To do:
Using the data beneath, show every line that includes the word "also".

(Saved entries)
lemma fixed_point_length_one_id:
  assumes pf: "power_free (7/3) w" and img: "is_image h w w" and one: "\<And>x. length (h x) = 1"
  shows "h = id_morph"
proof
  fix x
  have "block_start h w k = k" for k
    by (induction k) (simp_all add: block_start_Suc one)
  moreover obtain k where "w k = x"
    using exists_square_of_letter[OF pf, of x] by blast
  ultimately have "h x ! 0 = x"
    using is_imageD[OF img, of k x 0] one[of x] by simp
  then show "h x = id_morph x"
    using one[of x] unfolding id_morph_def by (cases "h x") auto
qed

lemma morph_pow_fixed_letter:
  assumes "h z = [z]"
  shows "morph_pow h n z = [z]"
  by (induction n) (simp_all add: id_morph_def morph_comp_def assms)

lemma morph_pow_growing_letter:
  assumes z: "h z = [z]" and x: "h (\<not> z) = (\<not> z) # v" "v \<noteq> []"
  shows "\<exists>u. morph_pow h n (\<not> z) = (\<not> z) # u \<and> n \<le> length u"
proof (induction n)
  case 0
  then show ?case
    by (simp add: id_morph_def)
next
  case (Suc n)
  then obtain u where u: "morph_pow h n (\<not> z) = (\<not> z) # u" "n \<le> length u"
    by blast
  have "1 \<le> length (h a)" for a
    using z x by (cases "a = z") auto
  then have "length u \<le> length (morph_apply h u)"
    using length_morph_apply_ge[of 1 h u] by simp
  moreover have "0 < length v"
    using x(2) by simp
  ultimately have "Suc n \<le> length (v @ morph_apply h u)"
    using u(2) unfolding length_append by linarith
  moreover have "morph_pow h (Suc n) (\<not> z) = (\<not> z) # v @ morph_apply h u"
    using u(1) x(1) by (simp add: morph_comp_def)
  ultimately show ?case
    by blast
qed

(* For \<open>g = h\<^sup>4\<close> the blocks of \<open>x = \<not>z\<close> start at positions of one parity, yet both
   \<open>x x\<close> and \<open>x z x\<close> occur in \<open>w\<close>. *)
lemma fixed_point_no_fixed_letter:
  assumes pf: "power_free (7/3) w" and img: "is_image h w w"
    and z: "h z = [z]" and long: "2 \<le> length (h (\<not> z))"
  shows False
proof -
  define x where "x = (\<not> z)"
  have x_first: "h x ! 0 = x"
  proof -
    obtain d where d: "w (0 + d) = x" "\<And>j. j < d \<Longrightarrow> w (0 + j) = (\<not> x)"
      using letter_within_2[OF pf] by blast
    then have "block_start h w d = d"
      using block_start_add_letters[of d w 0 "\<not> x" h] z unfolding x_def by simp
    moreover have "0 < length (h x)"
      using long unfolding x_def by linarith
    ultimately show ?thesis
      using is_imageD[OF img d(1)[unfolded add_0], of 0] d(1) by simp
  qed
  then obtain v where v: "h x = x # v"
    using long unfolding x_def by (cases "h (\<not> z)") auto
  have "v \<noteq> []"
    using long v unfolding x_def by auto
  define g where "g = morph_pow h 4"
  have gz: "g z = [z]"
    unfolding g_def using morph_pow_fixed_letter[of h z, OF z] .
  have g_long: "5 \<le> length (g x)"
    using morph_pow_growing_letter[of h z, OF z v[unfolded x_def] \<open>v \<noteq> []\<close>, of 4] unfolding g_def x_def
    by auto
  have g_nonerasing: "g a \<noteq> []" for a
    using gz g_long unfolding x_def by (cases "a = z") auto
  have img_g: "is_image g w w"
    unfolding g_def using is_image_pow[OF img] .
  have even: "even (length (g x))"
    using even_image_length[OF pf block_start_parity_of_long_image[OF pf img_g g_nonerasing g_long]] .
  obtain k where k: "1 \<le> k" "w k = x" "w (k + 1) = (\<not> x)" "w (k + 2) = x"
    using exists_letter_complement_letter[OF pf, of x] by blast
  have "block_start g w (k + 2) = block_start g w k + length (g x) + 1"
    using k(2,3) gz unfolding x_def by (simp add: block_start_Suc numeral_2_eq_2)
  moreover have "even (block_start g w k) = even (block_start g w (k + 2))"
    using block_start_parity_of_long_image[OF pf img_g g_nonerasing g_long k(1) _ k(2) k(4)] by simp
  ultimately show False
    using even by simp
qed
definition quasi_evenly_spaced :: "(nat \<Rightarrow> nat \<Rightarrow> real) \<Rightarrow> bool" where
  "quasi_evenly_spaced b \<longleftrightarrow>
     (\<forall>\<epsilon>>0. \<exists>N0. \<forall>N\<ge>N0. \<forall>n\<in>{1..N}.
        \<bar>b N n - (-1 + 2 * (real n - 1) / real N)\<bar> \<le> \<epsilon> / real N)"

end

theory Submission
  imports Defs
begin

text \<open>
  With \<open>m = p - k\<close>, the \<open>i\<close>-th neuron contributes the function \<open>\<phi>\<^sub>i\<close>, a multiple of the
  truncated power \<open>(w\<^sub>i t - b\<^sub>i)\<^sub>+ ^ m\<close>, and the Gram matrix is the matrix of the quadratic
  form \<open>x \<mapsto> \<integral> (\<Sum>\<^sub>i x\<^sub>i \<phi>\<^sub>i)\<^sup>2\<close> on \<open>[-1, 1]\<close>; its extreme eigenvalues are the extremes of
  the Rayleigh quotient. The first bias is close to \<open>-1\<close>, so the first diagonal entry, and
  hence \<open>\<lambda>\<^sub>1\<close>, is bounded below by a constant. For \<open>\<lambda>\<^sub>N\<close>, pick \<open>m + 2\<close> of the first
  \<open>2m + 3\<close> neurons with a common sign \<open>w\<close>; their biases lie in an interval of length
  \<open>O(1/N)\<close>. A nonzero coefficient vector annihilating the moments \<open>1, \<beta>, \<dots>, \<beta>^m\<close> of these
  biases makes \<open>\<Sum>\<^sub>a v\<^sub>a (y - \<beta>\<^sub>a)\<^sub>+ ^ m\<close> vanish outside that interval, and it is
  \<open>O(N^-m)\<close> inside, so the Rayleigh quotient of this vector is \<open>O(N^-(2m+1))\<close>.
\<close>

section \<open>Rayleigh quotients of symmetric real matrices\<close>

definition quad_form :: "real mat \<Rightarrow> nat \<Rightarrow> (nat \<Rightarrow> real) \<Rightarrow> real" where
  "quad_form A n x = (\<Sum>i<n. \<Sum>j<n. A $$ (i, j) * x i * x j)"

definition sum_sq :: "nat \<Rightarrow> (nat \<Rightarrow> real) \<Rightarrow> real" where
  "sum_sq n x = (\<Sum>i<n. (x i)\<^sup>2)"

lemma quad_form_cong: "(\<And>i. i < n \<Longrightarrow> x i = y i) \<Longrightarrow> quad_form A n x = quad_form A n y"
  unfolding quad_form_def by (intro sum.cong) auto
...
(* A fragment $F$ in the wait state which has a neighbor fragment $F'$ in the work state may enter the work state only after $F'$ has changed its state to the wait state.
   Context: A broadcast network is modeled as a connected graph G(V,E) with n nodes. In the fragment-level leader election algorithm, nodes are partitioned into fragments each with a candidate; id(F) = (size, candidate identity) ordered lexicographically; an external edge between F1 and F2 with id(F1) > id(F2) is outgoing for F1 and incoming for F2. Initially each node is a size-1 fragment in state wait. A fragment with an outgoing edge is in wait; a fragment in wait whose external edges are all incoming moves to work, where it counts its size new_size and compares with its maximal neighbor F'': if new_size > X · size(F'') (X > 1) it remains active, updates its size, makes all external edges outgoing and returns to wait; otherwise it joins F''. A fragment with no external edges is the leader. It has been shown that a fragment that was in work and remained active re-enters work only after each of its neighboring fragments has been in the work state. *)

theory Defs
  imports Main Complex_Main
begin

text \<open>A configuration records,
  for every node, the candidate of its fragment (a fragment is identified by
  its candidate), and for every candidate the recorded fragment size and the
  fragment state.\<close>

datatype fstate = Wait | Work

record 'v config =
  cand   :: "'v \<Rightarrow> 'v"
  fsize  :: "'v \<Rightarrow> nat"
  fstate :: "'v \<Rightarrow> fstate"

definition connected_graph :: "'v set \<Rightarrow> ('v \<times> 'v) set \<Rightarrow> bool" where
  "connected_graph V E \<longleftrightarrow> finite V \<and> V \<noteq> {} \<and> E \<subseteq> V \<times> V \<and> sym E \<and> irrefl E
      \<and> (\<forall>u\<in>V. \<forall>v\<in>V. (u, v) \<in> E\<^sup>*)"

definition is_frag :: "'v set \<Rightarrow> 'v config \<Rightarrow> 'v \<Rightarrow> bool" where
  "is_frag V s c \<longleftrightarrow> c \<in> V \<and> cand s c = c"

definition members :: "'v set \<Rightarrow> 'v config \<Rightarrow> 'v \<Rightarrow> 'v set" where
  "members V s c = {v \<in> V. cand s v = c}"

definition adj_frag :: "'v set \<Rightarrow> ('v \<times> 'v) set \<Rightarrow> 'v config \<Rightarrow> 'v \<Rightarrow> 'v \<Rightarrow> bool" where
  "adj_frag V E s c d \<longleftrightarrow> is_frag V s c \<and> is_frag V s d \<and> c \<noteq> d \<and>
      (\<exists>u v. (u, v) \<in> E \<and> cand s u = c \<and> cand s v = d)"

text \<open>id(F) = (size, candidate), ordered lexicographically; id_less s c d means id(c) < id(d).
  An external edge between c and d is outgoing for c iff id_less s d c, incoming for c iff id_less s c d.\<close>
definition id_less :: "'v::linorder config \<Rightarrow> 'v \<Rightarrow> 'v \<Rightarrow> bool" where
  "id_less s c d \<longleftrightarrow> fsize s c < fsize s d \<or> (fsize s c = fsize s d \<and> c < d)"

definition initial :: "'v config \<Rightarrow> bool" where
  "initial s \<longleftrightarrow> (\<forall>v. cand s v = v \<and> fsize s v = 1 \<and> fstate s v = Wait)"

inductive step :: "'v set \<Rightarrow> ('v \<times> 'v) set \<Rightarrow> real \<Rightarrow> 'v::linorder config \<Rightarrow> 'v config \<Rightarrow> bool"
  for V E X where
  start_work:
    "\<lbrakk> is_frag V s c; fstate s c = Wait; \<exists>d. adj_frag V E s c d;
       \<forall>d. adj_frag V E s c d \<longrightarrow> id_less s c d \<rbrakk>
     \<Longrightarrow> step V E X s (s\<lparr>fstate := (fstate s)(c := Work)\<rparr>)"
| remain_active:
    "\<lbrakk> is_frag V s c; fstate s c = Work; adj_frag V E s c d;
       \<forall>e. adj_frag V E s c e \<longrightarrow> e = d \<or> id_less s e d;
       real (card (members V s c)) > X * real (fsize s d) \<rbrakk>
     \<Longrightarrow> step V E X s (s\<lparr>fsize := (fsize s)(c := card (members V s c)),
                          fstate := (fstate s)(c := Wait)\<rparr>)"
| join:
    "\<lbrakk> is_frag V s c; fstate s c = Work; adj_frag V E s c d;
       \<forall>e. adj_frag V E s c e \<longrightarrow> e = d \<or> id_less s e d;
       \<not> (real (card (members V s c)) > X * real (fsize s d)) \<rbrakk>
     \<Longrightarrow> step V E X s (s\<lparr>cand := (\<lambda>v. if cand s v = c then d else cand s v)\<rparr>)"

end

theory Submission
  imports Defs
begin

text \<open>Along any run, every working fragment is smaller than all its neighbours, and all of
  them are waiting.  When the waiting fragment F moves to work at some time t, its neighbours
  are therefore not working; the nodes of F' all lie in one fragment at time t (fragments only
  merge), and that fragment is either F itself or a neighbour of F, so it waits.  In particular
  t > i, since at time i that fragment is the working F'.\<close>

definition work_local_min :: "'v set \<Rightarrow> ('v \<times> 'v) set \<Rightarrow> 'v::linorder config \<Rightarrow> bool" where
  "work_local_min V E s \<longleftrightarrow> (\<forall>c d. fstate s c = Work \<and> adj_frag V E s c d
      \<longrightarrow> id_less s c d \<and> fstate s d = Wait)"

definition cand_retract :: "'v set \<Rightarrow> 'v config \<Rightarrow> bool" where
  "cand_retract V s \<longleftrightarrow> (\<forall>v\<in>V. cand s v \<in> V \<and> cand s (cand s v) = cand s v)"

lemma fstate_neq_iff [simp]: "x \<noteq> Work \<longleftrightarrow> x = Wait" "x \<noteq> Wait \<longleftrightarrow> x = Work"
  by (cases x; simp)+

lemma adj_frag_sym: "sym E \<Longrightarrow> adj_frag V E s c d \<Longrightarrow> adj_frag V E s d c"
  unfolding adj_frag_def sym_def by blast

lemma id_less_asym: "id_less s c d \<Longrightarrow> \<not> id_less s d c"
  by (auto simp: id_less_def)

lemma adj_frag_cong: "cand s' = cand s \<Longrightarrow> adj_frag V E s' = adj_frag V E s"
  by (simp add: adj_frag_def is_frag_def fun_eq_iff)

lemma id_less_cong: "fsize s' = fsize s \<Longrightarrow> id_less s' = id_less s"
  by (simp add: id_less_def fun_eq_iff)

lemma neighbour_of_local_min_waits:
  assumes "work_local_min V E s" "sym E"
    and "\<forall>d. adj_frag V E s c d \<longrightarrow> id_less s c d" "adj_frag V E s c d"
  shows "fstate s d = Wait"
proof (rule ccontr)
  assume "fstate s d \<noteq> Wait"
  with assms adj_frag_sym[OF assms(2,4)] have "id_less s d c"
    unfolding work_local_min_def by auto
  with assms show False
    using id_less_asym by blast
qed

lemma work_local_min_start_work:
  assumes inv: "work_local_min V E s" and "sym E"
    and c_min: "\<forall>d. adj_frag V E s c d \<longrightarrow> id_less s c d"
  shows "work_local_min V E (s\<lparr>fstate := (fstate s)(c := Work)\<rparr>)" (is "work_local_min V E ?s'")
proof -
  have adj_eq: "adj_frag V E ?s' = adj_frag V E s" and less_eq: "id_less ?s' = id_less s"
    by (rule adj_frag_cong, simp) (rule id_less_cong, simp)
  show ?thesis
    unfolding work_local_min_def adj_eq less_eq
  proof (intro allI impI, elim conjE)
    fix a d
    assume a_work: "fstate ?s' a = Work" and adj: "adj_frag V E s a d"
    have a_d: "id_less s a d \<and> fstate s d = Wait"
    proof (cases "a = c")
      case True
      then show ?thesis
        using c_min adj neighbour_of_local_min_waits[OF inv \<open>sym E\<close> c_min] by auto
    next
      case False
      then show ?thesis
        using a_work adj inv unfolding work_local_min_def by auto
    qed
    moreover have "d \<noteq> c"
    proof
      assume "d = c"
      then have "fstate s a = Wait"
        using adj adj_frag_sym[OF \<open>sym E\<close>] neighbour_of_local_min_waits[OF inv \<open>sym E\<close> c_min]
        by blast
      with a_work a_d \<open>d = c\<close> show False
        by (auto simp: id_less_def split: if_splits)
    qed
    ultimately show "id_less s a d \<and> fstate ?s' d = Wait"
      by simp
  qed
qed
---
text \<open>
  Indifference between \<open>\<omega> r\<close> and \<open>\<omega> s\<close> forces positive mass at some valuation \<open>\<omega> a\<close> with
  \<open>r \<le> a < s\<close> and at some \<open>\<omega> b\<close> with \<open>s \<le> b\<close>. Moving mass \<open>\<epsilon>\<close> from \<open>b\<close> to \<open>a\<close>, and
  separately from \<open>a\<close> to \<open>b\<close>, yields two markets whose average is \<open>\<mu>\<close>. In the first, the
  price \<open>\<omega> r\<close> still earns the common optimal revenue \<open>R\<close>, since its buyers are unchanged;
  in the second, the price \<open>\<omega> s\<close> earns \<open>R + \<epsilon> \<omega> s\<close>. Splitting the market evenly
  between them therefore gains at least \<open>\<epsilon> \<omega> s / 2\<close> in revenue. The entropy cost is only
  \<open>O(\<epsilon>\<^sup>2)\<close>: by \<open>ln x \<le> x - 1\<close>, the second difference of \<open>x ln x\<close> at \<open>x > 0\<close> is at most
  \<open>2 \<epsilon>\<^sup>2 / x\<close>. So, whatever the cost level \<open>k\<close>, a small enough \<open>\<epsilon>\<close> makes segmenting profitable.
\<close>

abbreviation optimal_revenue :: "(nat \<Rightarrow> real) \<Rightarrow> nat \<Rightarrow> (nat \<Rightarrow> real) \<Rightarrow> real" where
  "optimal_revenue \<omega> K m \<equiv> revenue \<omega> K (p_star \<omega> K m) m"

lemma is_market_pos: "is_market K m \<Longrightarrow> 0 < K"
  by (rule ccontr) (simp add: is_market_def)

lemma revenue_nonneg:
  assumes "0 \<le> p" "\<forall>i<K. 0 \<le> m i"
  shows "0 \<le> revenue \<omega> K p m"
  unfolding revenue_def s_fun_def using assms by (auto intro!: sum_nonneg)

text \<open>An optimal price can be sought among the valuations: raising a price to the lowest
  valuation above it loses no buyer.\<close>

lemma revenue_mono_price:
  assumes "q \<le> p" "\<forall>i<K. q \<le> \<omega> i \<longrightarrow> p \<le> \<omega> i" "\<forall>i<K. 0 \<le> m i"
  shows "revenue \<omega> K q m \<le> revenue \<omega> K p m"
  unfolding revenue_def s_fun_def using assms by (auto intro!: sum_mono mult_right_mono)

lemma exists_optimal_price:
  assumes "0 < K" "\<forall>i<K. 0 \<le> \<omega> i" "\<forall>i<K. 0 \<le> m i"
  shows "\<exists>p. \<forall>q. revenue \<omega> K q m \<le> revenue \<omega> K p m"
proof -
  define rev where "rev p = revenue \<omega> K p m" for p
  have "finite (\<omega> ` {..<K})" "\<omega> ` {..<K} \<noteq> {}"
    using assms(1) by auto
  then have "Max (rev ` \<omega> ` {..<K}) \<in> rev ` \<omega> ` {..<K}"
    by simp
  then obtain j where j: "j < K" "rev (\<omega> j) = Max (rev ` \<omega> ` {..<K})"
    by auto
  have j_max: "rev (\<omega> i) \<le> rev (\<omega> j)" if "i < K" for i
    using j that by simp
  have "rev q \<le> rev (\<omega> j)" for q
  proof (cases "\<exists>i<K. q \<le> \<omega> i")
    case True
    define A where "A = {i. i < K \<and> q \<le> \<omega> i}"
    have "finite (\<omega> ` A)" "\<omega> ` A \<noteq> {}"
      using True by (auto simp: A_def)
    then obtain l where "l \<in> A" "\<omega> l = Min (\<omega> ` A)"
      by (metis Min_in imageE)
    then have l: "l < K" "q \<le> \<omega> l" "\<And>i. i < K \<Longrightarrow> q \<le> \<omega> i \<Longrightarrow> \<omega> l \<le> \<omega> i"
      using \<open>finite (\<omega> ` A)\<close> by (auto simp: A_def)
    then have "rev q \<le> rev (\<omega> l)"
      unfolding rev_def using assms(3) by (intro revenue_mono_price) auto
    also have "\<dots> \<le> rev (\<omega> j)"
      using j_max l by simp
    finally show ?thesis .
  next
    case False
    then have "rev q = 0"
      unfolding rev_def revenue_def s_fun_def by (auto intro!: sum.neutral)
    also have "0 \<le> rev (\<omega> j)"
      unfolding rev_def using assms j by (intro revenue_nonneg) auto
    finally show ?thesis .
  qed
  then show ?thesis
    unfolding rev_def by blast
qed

Result:
    also have "\<dots> \<le> rev (\<omega> j)"
    also have "0 \<le> rev (\<omega> j)"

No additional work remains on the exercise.